§ **Exercise instructions**
Give again only those lines from the start of the entries through the line holding "(tconst y) = ?B", leaving them as they are.
───
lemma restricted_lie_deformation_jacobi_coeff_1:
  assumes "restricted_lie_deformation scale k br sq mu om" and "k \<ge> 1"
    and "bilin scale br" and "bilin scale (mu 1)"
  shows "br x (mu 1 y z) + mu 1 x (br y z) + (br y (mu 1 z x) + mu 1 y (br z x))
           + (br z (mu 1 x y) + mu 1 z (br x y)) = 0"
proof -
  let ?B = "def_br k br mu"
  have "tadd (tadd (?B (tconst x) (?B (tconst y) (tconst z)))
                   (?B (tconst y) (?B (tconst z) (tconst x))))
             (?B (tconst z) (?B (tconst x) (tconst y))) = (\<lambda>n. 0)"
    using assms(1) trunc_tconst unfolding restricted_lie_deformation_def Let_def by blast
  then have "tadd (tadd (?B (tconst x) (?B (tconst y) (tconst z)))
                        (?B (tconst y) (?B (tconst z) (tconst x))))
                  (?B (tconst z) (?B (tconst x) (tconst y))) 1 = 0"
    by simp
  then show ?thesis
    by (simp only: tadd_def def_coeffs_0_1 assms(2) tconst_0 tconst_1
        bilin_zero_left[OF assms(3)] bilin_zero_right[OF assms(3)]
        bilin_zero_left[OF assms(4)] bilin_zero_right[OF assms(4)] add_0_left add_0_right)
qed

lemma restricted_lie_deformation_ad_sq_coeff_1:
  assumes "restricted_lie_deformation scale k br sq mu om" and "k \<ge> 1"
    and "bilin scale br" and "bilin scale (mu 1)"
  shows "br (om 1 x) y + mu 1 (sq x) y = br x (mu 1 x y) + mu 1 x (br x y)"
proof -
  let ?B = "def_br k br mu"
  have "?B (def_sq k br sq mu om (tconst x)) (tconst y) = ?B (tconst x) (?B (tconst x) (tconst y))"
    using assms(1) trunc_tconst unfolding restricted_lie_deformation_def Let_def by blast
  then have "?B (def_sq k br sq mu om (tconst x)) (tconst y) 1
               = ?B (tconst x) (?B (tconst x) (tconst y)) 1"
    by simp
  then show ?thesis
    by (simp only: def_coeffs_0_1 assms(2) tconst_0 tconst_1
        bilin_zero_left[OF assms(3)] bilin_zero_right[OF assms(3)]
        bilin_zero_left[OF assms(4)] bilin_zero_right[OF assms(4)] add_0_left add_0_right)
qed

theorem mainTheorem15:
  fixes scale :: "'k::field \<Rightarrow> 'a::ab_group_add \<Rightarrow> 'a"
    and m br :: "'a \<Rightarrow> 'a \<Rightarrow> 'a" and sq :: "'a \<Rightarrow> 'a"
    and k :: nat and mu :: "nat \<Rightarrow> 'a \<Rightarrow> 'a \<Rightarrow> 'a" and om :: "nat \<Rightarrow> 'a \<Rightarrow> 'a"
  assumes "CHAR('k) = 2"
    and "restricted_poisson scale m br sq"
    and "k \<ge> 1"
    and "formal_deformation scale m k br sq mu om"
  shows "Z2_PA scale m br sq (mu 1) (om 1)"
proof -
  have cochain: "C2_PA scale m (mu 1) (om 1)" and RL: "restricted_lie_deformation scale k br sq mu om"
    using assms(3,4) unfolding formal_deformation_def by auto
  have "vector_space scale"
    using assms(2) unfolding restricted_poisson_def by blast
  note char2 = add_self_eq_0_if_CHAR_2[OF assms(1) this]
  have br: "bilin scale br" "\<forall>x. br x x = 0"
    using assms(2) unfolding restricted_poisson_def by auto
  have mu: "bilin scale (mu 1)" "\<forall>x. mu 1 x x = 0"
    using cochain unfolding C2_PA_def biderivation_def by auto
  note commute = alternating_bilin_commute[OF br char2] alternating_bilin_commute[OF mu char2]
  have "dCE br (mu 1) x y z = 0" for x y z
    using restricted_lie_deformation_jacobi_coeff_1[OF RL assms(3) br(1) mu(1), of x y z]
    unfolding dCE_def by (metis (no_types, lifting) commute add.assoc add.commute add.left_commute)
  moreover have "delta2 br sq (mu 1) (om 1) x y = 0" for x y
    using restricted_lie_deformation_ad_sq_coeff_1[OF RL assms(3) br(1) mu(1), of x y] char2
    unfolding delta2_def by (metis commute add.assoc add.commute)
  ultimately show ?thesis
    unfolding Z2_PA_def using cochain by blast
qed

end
───
§ **Solved problem**
lemma restricted_lie_deformation_jacobi_coeff_1:
  assumes "restricted_lie_deformation scale k br sq mu om" and "k \<ge> 1"
    and "bilin scale br" and "bilin scale (mu 1)"
  shows "br x (mu 1 y z) + mu 1 x (br y z) + (br y (mu 1 z x) + mu 1 y (br z x))
           + (br z (mu 1 x y) + mu 1 z (br x y)) = 0"
proof -
  let ?B = "def_br k br mu"
  have "tadd (tadd (?B (tconst x) (?B (tconst y) (tconst z)))
                   (?B (tconst y) (?B (tconst z) (tconst x))))
             (?B (tconst z) (?B (tconst x) (tconst y))) = (\<lambda>n. 0)"
    using assms(1) trunc_tconst unfolding restricted_lie_deformation_def Let_def by blast
  then have "tadd (tadd (?B (tconst x) (?B (tconst y) (tconst z)))
                        (?B (tconst y) (?B (tconst z) (tconst x))))
                  (?B (tconst z) (?B (tconst x) (tconst y))) 1 = 0"
    by simp
  then show ?thesis
    by (simp only: tadd_def def_coeffs_0_1 assms(2) tconst_0 tconst_1
        bilin_zero_left[OF assms(3)] bilin_zero_right[OF assms(3)]
        bilin_zero_left[OF assms(4)] bilin_zero_right[OF assms(4)] add_0_left add_0_right)
qed

lemma restricted_lie_deformation_ad_sq_coeff_1:
  assumes "restricted_lie_deformation scale k br sq mu om" and "k \<ge> 1"
    and "bilin scale br" and "bilin scale (mu 1)"
  shows "br (om 1 x) y + mu 1 (sq x) y = br x (mu 1 x y) + mu 1 x (br x y)"
proof -
  let ?B = "def_br k br mu"
  have "?B (def_sq k br sq mu om (tconst x)) (tconst y) = ?B (tconst x) (?B (tconst x) (tconst y))"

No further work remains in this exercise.